- _Task objective_:
Pick each line containing "False" out of the records.

━━━━━ Records for this exercise ━━━━━

(* Let $\mathcal{M}=(S,A,\delta)$ be a finite fuzzy transition system and let $\gamma=1$. Define $d_0=\bot$ (where $\bot(s,t)=0$ for all $s,t\in S$) and $d_{n+1}=\Delta(d_n)$. Then the number of iterations until $d_n=d_{n+1}$ holds for the first time is bounded by a polynomial in the size $|\mathcal{M}|$.
   Context: A fuzzy set on a finite set $X$ is a map $\mu:X\to[0,1]$; $\mathcal{F}(X)$ is the set of fuzzy sets on $X$; $\mu(U)=\max_{x\in U}\mu(x)$; $\mathsf{Supp}(\mu)=\{x\mid\mu(x)>0\}$. A fuzzy transition system is $\mathcal{M}=(S,A,\delta)$ with $S,A$ finite and $\delta:S\times A\to\mathcal{P}(\mathcal{F}(S))$, each $\delta(s,a)$ finite. Its size is $|\mathcal{M}|=|S|+\sum_{s\in S,a\in A,\mu\in\delta(s,a)}|\mathsf{Supp}(\mu)|$. $\mathcal{D}(S)$ is the set of pseudo-ultrametrics $d:S\times S\to[0,1]$, ordered pointwise. Lifting: $\hat d(\mu,\eta)=1$ if $\mu(S)\ne\eta(S)$, and otherwise $\hat d(\mu,\eta)$ is the minimum of $\max_{u,v}\min(d(u,v),x_{uv})$ over $x_{uv}\ge0$ with $\max_v x_{uv}=\mu(u)$ for all $u$ and $\max_u x_{uv}=\eta(v)$ for all $v$. For finite $Z\subseteq\mathcal{F}(S)$: $\hat d(\mu,Z)=\min_{\eta\in Z}\hat d(\mu,\eta)$ if $Z\ne\emptyset$, else $1$. Hausdorff distance: $H_{\hat d}(\emptyset,\emptyset)=0$, otherwise $H_{\hat d}(Y,Z)=\max(\max_{\mu\in Y}\hat d(\mu,Z),\max_{\eta\in Z}\hat d(\eta,Y))$. With discounting factor $\gamma\in(0,1]$, $\Delta(d)(s,t)=\gamma\cdot\max_{a\in A}H_{\hat d}(\delta(s,a),\delta(t,a))$. *)

theory Defs
  imports Complex_Main
begin

type_synonym fuzzy = "nat \<Rightarrow> real"
type_synonym dist = "nat \<Rightarrow> nat \<Rightarrow> real"

definition fuzzy_set_on :: "nat set \<Rightarrow> fuzzy \<Rightarrow> bool" where
  "fuzzy_set_on S \<mu> \<longleftrightarrow> (\<forall>x. 0 \<le> \<mu> x \<and> \<mu> x \<le> 1) \<and> (\<forall>x. x \<notin> S \<longrightarrow> \<mu> x = 0)"

definition fts :: "nat set \<Rightarrow> nat set \<Rightarrow> (nat \<Rightarrow> nat \<Rightarrow> fuzzy set) \<Rightarrow> bool" where
  "fts S A \<delta> \<longleftrightarrow> finite S \<and> finite A \<and>
     (\<forall>s\<in>S. \<forall>a\<in>A. finite (\<delta> s a) \<and> (\<forall>\<mu>\<in>\<delta> s a. fuzzy_set_on S \<mu>))"

definition supp :: "nat set \<Rightarrow> fuzzy \<Rightarrow> nat set" where
  "supp S \<mu> = {x\<in>S. \<mu> x > 0}"

definition fts_size :: "nat set \<Rightarrow> nat set \<Rightarrow> (nat \<Rightarrow> nat \<Rightarrow> fuzzy set) \<Rightarrow> nat" where
  "fts_size S A \<delta> = card S + (\<Sum>s\<in>S. \<Sum>a\<in>A. \<Sum>\<mu>\<in>\<delta> s a. card (supp S \<mu>))"

text \<open>mu(U) = max over U of mu (values are nonnegative, so inserting 0 only matters for U empty).\<close>
definition fmax :: "nat set \<Rightarrow> fuzzy \<Rightarrow> real" where
  "fmax U \<mu> = Max (insert 0 (\<mu> ` U))"

definition coupling :: "nat set \<Rightarrow> fuzzy \<Rightarrow> fuzzy \<Rightarrow> (nat \<Rightarrow> nat \<Rightarrow> real) \<Rightarrow> bool" where
  "coupling S \<mu> \<eta> x \<longleftrightarrow> (\<forall>u\<in>S. \<forall>v\<in>S. 0 \<le> x u v)
     \<and> (\<forall>u\<in>S. Max ((\<lambda>v. x u v) ` S) = \<mu> u)
     \<and> (\<forall>v\<in>S. Max ((\<lambda>u. x u v) ` S) = \<eta> v)"

text \<open>Lifting of d to fuzzy sets (the minimum over couplings, written as an infimum;
  the minimum is attained).\<close>
definition lift :: "nat set \<Rightarrow> dist \<Rightarrow> fuzzy \<Rightarrow> fuzzy \<Rightarrow> real" where
  "lift S d \<mu> \<eta> = (if fmax S \<mu> \<noteq> fmax S \<eta> then 1 else
     Inf {Max ((\<lambda>(u,v). min (d u v) (x u v)) ` (S \<times> S)) | x. coupling S \<mu> \<eta> x})"

definition lift_set :: "nat set \<Rightarrow> dist \<Rightarrow> fuzzy \<Rightarrow> fuzzy set \<Rightarrow> real" where
  "lift_set S d \<mu> Z = (if Z = {} then 1 else Min ((\<lambda>\<eta>. lift S d \<mu> \<eta>) ` Z))"

definition hausdorff :: "nat set \<Rightarrow> dist \<Rightarrow> fuzzy set \<Rightarrow> fuzzy set \<Rightarrow> real" where
  "hausdorff S d Y Z = (if Y = {} \<and> Z = {} then 0 else
     max (Max (insert 0 ((\<lambda>\<mu>. lift_set S d \<mu> Z) ` Y)))
         (Max (insert 0 ((\<lambda>\<eta>. lift_set S d \<eta> Y) ` Z))))"

definition Delta :: "real \<Rightarrow> nat set \<Rightarrow> nat set \<Rightarrow> (nat \<Rightarrow> nat \<Rightarrow> fuzzy set) \<Rightarrow> dist \<Rightarrow> dist" where
  "Delta \<gamma> S A \<delta> d = (\<lambda>s t. if s \<in> S \<and> t \<in> S then
     \<gamma> * Max (insert 0 ((\<lambda>a. hausdorff S d (\<delta> s a) (\<delta> t a)) ` A)) else 0)"

definition bot_dist :: dist where "bot_dist = (\<lambda>s t. 0)"

definition iter_dist :: "real \<Rightarrow> nat set \<Rightarrow> nat set \<Rightarrow> (nat \<Rightarrow> nat \<Rightarrow> fuzzy set) \<Rightarrow> nat \<Rightarrow> dist" where
  "iter_dist \<gamma> S A \<delta> n = (Delta \<gamma> S A \<delta> ^^ n) bot_dist"

end

theory Submission
  imports Defs
begin

text \<open>Every iterate takes its values in the finite set \<open>V\<close> of \<open>0\<close>, \<open>1\<close> and the membership degrees
  occurring in the system: an optimal coupling can be rounded so that its cost is a value of
  \<open>d\<close>, \<open>0\<close> or a membership degree, hence lifting, Hausdorff distance and \<open>\<Delta>\<close> preserve
  \<open>V\<close>-valuedness. As \<open>\<Delta>\<close> is monotone and \<open>d\<^sub>0 = \<bottom>\<close>, the iterates increase pointwise, so as long
  as \<open>d\<^sub>n \<noteq> \<Delta> d\<^sub>n\<close> the number of triples \<open>(s, t, c)\<close> with \<open>c \<in> V\<close> and \<open>c \<le> d\<^sub>n(s, t)\<close> strictly
  grows. It is at most \<open>|S|\<^sup>2 |V| \<le> 3 |\<M>|\<^sup>3\<close>.\<close>

lemma Max_image_mono:
  fixes f g :: "'a \<Rightarrow> 'b::linorder"
  assumes "finite A" "A \<noteq> {}" "\<And>a. a \<in> A \<Longrightarrow> f a \<le> g a"
  shows "Max (f ` A) \<le> Max (g ` A)"
proof -
  have "Max (f ` A) \<in> f ` A" using assms(1,2) by (intro Max_in) auto
  then obtain a where "a \<in> A" "Max (f ` A) = f a" by auto
  moreover have "g a \<le> Max (g ` A)" if "a \<in> A" using that assms(1) by simp
  ultimately show ?thesis using assms(3) by (metis order.trans)
qed

lemma Min_image_mono:
  fixes f g :: "'a \<Rightarrow> 'b::linorder"
  assumes "finite A" "A \<noteq> {}" "\<And>a. a \<in> A \<Longrightarrow> f a \<le> g a"
  shows "Min (f ` A) \<le> Min (g ` A)"
  using assms by (auto simp: Min_le_iff)

lemma Max_insert_image_mono:
  fixes f g :: "'a \<Rightarrow> 'b::linorder"
  assumes "finite A" "\<And>a. a \<in> A \<Longrightarrow> f a \<le> g a"
  shows "Max (insert c (f ` A)) \<le> Max (insert c (g ` A))"
proof (cases "A = {}")
  case False
  then have "Max (insert c (f ` A)) = max c (Max (f ` A))"
    and "Max (insert c (g ` A)) = max c (Max (g ` A))"
    using assms(1) by simp_all
  moreover have "Max (f ` A) \<le> Max (g ` A)" using assms False by (intro Max_image_mono)
  ultimately show ?thesis by (metis max.mono order_refl)
qed simp

lemma Max_insert_image_in:
  fixes f :: "'a \<Rightarrow> 'b::linorder"
  assumes "finite A" "c \<in> V" "f ` A \<subseteq> V"
  shows "Max (insert c (f ` A)) \<in> V"
  using Max_in[of "insert c (f ` A)"] assms by auto

lemma coupling_iff:
  assumes "finite S" "S \<noteq> {}"
  shows "coupling S \<mu> \<eta> x \<longleftrightarrow>
    (\<forall>u\<in>S. \<forall>v\<in>S. 0 \<le> x u v \<and> x u v \<le> \<mu> u \<and> x u v \<le> \<eta> v) \<and>
    (\<forall>u\<in>S. \<exists>v\<in>S. x u v = \<mu> u) \<and> (\<forall>v\<in>S. \<exists>u\<in>S. x u v = \<eta> v)"
    (is "_ \<longleftrightarrow> ?bounded \<and> ?rows \<and> ?cols")
proof
  assume x: "coupling S \<mu> \<eta> x"
  have row: "Max ((\<lambda>v. x u v) ` S) = \<mu> u" if "u \<in> S" for u
    using x that by (simp add: coupling_def)
  have col: "Max ((\<lambda>u. x u v) ` S) = \<eta> v" if "v \<in> S" for v
    using x that by (simp add: coupling_def)
  have "0 \<le> x u v \<and> x u v \<le> \<mu> u \<and> x u v \<le> \<eta> v" if "u \<in> S" "v \<in> S" for u v
  proof -
    have "x u v \<le> Max ((\<lambda>v. x u v) ` S)" "x u v \<le> Max ((\<lambda>u. x u v) ` S)"
      using assms(1) that by simp_all
    then show ?thesis using x that by (simp add: coupling_def row col)
  qed
  moreover have "\<exists>v\<in>S. x u v = \<mu> u" if "u \<in> S" for u
  proof -
    have "Max ((\<lambda>v. x u v) ` S) \<in> (\<lambda>v. x u v) ` S" using assms by (intro Max_in) auto
    then show ?thesis using row[OF that] by force
  qed
  moreover have "\<exists>u\<in>S. x u v = \<eta> v" if "v \<in> S" for v
  proof -
    have "Max ((\<lambda>u. x u v) ` S) \<in> (\<lambda>u. x u v) ` S" using assms by (intro Max_in) auto
    then show ?thesis using col[OF that] by force
  qed
  ultimately show "?bounded \<and> ?rows \<and> ?cols" by blast
next
  assume "?bounded \<and> ?rows \<and> ?cols"
  then have bounded: ?bounded and rows: ?rows and cols: ?cols by blast+
  have "Max ((\<lambda>v. x u v) ` S) = \<mu> u" if "u \<in> S" for u
  proof (rule Max_eqI)
    show "\<mu> u \<in> (\<lambda>v. x u v) ` S" using rows that by force
  qed (use assms(1) bounded that in auto)
  moreover have "Max ((\<lambda>u. x u v) ` S) = \<eta> v" if "v \<in> S" for v
  proof (rule Max_eqI)
    show "\<eta> v \<in> (\<lambda>u. x u v) ` S" using cols that by force
  qed (use assms(1) bounded that in auto)
  ultimately show "coupling S \<mu> \<eta> x" using bounded by (simp add: coupling_def)
qed
(* There exists a constant $C$, independent of $\sigma_0$, such that for every $\sigma_0\in(0,1)$, $$|\partial_x\theta^{\sigma_0}(t,x)|\le \frac{C}{\sigma_0^2},\qquad (t,x)\in[0,T)\times\mathbb{R}.$$
   Context: Fix $T>0$, $\kappa\in\mathbb{R}$, $\delta\in(0,T)$. Let $\eta$ solve $\eta_t'=\eta_t^2-2\kappa\eta_t-1$, $\eta_T=1$ on $[0,T]$; set $w_t=\exp(\int_t^T(\eta_s-\kappa)ds)$, $r_t=\int_t^Tw_s^{-2}ds$. Define $g(x)=-x/r_\delta$ if $|x|\le r_\delta$, $g(x)=-\mathrm{sign}(x)$ if $|x|>r_\delta$. For $\sigma_0\in(0,1)$, $\theta^{\sigma_0}$ denotes the unique bounded classical solution (in $C^{1,2}([0,T)\times\mathbb{R})\cap C([0,T]\times\mathbb{R})$) of $$\partial_t\theta-w_t^{-2}\theta\,\partial_x\theta+\tfrac12\sigma_0^2w_t^{-2}\partial^2_{xx}\theta=0\ \text{on }[0,T)\times\mathbb{R},\qquad \theta(T,\cdot)=g.$$ *)

theory Defs
  imports "HOL-Analysis.Analysis"
begin

definition riccati_sol :: "real \<Rightarrow> real \<Rightarrow> (real \<Rightarrow> real) \<Rightarrow> bool" where
  "riccati_sol T \<kappa> \<eta> \<longleftrightarrow>
     (\<forall>t\<in>{0..T}. (\<eta> has_real_derivative ((\<eta> t)^2 - 2 * \<kappa> * \<eta> t - 1)) (at t within {0..T}))
     \<and> \<eta> T = 1"

definition wfun :: "real \<Rightarrow> real \<Rightarrow> (real \<Rightarrow> real) \<Rightarrow> real \<Rightarrow> real" where
  "wfun T \<kappa> \<eta> t = exp (integral {t..T} (\<lambda>s. \<eta> s - \<kappa>))"

definition rfun :: "real \<Rightarrow> real \<Rightarrow> (real \<Rightarrow> real) \<Rightarrow> real \<Rightarrow> real" where
  "rfun T \<kappa> \<eta> t = integral {t..T} (\<lambda>s. 1 / (wfun T \<kappa> \<eta> s)^2)"

definition gfun :: "real \<Rightarrow> real \<Rightarrow> (real \<Rightarrow> real) \<Rightarrow> real \<Rightarrow> real \<Rightarrow> real" where
  "gfun T \<kappa> \<eta> \<delta> x =
     (if \<bar>x\<bar> \<le> rfun T \<kappa> \<eta> \<delta> then - x / rfun T \<kappa> \<eta> \<delta> else - sgn x)"

definition classical_sol ::
  "real \<Rightarrow> real \<Rightarrow> (real \<Rightarrow> real) \<Rightarrow> real \<Rightarrow> real \<Rightarrow> (real \<Rightarrow> real \<Rightarrow> real) \<Rightarrow> bool" where
  "classical_sol T \<kappa> \<eta> \<delta> \<sigma>\<^sub>0 \<theta> \<longleftrightarrow>
     (\<exists>\<theta>t \<theta>x \<theta>xx.
        (\<forall>t\<in>{0..<T}. \<forall>x.
            ((\<lambda>s. \<theta> s x) has_real_derivative \<theta>t t x) (at t within {0..<T})
          \<and> ((\<lambda>y. \<theta> t y) has_real_derivative \<theta>x t x) (at x)
          \<and> ((\<lambda>y. \<theta>x t y) has_real_derivative \<theta>xx t x) (at x)
          \<and> \<theta>t t x - (1 / (wfun T \<kappa> \<eta> t)^2) * \<theta> t x * \<theta>x t x
              + 1/2 * \<sigma>\<^sub>0^2 * (1 / (wfun T \<kappa> \<eta> t)^2) * \<theta>xx t x = 0)
      \<and> continuous_on ({0..<T} \<times> UNIV) (\<lambda>(t,x). \<theta>t t x)
      \<and> continuous_on ({0..<T} \<times> UNIV) (\<lambda>(t,x). \<theta>x t x)
      \<and> continuous_on ({0..<T} \<times> UNIV) (\<lambda>(t,x). \<theta>xx t x))
     \<and> continuous_on ({0..T} \<times> UNIV) (\<lambda>(t,x). \<theta> t x)
     \<and> (\<exists>B. \<forall>t\<in>{0..T}. \<forall>x. \<bar>\<theta> t x\<bar> \<le> B)
     \<and> (\<forall>x. \<theta> T x = gfun T \<kappa> \<eta> \<delta> x)"

end

theory Submission
  imports Defs
begin

text \<open>
  Let \<open>V\<close> be a potential with \<open>V\<^sub>x = \<theta>\<close>, normalised in time so that \<open>V\<^sub>t = w\<^sup>-\<^sup>2 (\<theta>\<^sup>2 - \<sigma>\<^sub>0\<^sup>2 \<theta>\<^sub>x) / 2\<close>.
  The Hopf--Cole transform \<open>\<Phi> = exp (- V / \<sigma>\<^sub>0\<^sup>2)\<close> turns the viscous Burgers equation into the
  backward heat equation \<open>\<Phi>\<^sub>t + \<sigma>\<^sub>0\<^sup>2 w\<^sup>-\<^sup>2 \<Phi>\<^sub>x\<^sub>x / 2 = 0\<close>, and so does every linear combination of
  spatial translates of \<open>\<Phi>\<close>. Since \<open>\<Phi>\<close> grows at most exponentially, the maximum principle
  propagates the inequalities
  \<open>\<Phi> (x + h) \<le> e\<^bsup>\<bar>h\<bar>/\<sigma>\<^sub>0\<^sup>2\<^esup> \<Phi> x\<close>, \<open>2 \<Phi> x \<le> \<Phi> (x + h) + \<Phi> (x - h)\<close> and, for \<open>\<bar>h\<bar> \<le> \<sigma>\<^sub>0\<^sup>2\<close>,
  \<open>\<Phi> (x + h) + \<Phi> (x - h) \<le> (2 + K h\<^sup>2) \<Phi> x\<close> with \<open>K = 1 / (r\<^sub>\<delta> \<sigma>\<^sub>0\<^sup>2) + 2 / \<sigma>\<^sub>0\<^sup>4\<close>
  backwards from \<open>t = T\<close>, where they hold because \<open>V (T, \<cdot>)\<close> is an antiderivative of \<open>g\<close>, hence
  \<open>1\<close>-Lipschitz, concave and with second differences at least \<open>- h\<^sup>2 / r\<^sub>\<delta>\<close>. They yield
  \<open>\<bar>\<theta>\<bar> \<le> 1\<close> and \<open>0 \<le> \<Phi>\<^sub>x\<^sub>x \<le> K \<Phi>\<close>, and as \<open>\<Phi>\<^sub>x\<^sub>x = (\<theta>\<^sup>2 / \<sigma>\<^sub>0\<^sup>4 - \<theta>\<^sub>x / \<sigma>\<^sub>0\<^sup>2) \<Phi>\<close> this gives
  \<open>\<bar>\<theta>\<^sub>x\<bar> \<le> (2 + 1 / r\<^sub>\<delta>) / \<sigma>\<^sub>0\<^sup>2\<close>.
\<close>

lemma exp_le_quadratic:
  fixes y :: real
  assumes "\<bar>y\<bar> \<le> 1"
  shows "exp y \<le> 1 + y + y^2"
proof (cases "0 \<le> y")
  case True
  then show ?thesis using exp_bound[of y] assms by simp
next
  case False
  then have y: "y < 0" by simp
  have "exp y * (1 - y) \<le> exp y * exp (- y)"
    using exp_ge_add_one_self[of "- y"] by (intro mult_left_mono) auto
  also have "\<dots> = 1" by (simp add: exp_minus)
  also have "1 \<le> (1 + y + y^2) * (1 - y)"
  proof -
    have "0 \<le> - y * y^2" using y by (intro mult_nonneg_nonneg) auto
    then show ?thesis by (simp add: algebra_simps power2_eq_square)
  qed
  finally show ?thesis using y by (simp add: mult_le_cancel_right)
qed

lemma DERIV_comp_affine:
  fixes f :: "real \<Rightarrow> real"
  assumes "(f has_real_derivative d) (at (c + s * y))"
  shows "((\<lambda>y. f (c + s * y)) has_real_derivative s * d) (at y)"
proof -
  have "((\<lambda>y. c + s * y) has_real_derivative s) (at y)"
    by (auto intro!: derivative_eq_intros)
  from DERIV_chain2[OF assms this] show ?thesis by (simp add: mult.commute)
qed

lemma continuous_on_slice:
  assumes "continuous_on (A \<times> B) (\<lambda>(t, x). f t x)" and "t \<in> A"
  shows "continuous_on B (f t)"
proof -
  have "continuous_on B (\<lambda>x. (\<lambda>(t, x). f t x) (t, x))"
    by (rule continuous_on_compose2[OF assms(1)]) (use assms(2) in \<open>auto intro!: continuous_intros\<close>)
  then show ?thesis by simp
qed

lemma derivative_nonpos_at_right_max:
  fixes f :: "real \<Rightarrow> real"
  assumes "(f has_real_derivative c) (at t within S)" and "0 < \<rho>"
    and "\<And>h. 0 < h \<Longrightarrow> h < \<rho> \<Longrightarrow> t + h \<in> S"
    and "\<And>h. 0 < h \<Longrightarrow> h < \<rho> \<Longrightarrow> f (t + h) \<le> f t"
  shows "c \<le> 0"
proof (rule ccontr)
  assume "\<not> c \<le> 0"
  then obtain e where e: "e > 0" "\<And>h. h > 0 \<Longrightarrow> t + h \<in> S \<Longrightarrow> h < e \<Longrightarrow> f t < f (t + h)"
    using has_real_derivative_pos_inc_right[OF assms(1)] by force
  define h where "h = min e \<rho> / 2"
  have "0 < h" "h < e" "h < \<rho>" using e assms(2) by (auto simp: h_def)
  then show False using e(2)[of h] assms(3,4)[of h] by fastforce
qed

lemma second_derivative_nonpos_at_local_max:
  fixes f f' :: "real \<Rightarrow> real"
  assumes f': "\<And>y. (f has_real_derivative f' y) (at y)"
    and f'': "(f' has_real_derivative c) (at x)"
    and "0 < \<rho>" and max: "\<And>y. \<bar>y - x\<bar> < \<rho> \<Longrightarrow> f y \<le> f x"
  shows "c \<le> 0"
proof (rule ccontr)
  assume "\<not> c \<le> 0"
  then obtain d where d: "d > 0" "\<And>h. h > 0 \<Longrightarrow> h < d \<Longrightarrow> f' x < f' (x + h)"
    using DERIV_pos_inc_right[OF f''] by force
  have f'x: "f' x = 0"
    by (rule DERIV_local_max[OF f' \<open>0 < \<rho>\<close>]) (use max in \<open>auto simp: abs_minus_commute\<close>)
  define h where "h = min d \<rho> / 2"
  have h: "0 < h" "h < d" "h < \<rho>" using d \<open>0 < \<rho>\<close> by (auto simp: h_def)
  obtain z where z: "x < z" "z < x + h" "f (x + h) - f x = h * f' z"
    using MVT2[of x "x + h" f f'] h f' by auto
  have "0 < f' z" using d(2)[of "z - x"] z h f'x by simp
  then have "f x < f (x + h)" using z h by (simp add: algebra_simps)
  then show False using max[of "x + h"] h by simp
qed

text \<open>The function \<open>h \<mapsto> f (x + h) + f (x - h) - 2 f x - c h\<^sup>2\<close> has a local maximum at \<open>0\<close>,
  where its second derivative is \<open>2 (f'' - c)\<close>.\<close>
lemma second_derivative_le_of_second_difference:
  fixes f f' :: "real \<Rightarrow> real"
  assumes f': "\<And>y. (f has_real_derivative f' y) (at y)"
    and f'': "(f' has_real_derivative f'') (at x)"
    and "0 < \<rho>" and diff: "\<And>h. \<bar>h\<bar> < \<rho> \<Longrightarrow> f (x + h) + f (x - h) - 2 * f x \<le> c * h^2"
  shows "f'' \<le> c"
proof -
  define q where "q h = f (x + 1 * h) + f (x + (-1) * h) - 2 * f x - c * (h * h)" for h
  define q' where "q' h = 1 * f' (x + 1 * h) + (-1) * f' (x + (-1) * h) - c * (h + h)" for h
  have "1 * (1 * f'') + (-1) * ((-1) * f'') - c * (1 + 1) \<le> 0"
  proof (rule second_derivative_nonpos_at_local_max[where f = q and f' = q'])
    show "(q has_real_derivative q' y) (at y)" for y
    proof -
      have "(q has_real_derivative
          1 * f' (x + 1 * y) + (-1) * f' (x + (-1) * y) - 0 - c * (1 * y + 1 * y)) (at y)"
        unfolding q_def[abs_def]
        by (intro DERIV_diff DERIV_add DERIV_comp_affine f' DERIV_const DERIV_cmult DERIV_mult DERIV_ident)
      then show ?thesis by (simp add: q'_def)
    qed
    show "(q' has_real_derivative 1 * (1 * f'') + (-1) * ((-1) * f'') - c * (1 + 1)) (at 0)"
      unfolding q'_def[abs_def]
      by (intro DERIV_diff DERIV_add DERIV_cmult DERIV_comp_affine DERIV_ident) (use f'' in simp_all)
    show "q y \<le> q 0" if "\<bar>y - 0\<bar> < \<rho>" for y
      using diff[of y] that by (simp add: q_def power2_eq_square)
  qed fact
  then show ?thesis by simp
qed

section \<open>Antiderivatives depending on a parameter\<close>

text \<open>Writing the antiderivative of \<open>f\<close> vanishing at \<open>0\<close> as an integral over the fixed interval
  \<open>[0, 1]\<close> makes continuity and differentiability with respect to a parameter of \<open>f\<close> available
  through \<open>integral_continuous_on_param\<close> and \<open>leibniz_rule_field_derivative\<close>.\<close>
definition primitive :: "(real \<Rightarrow> real) \<Rightarrow> real \<Rightarrow> real" where
  "primitive f x = x * integral {0..1} (\<lambda>s. f (s * x))"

━━━━━

- _Response to this exercise_:
  case False
  moreover have "Max (f ` A) \<le> Max (g ` A)" using assms False by (intro Max_image_mono)
  case False
  then show False using e(2)[of h] assms(3,4)[of h] by fastforce
  then show False using max[of "x + h"] h by simp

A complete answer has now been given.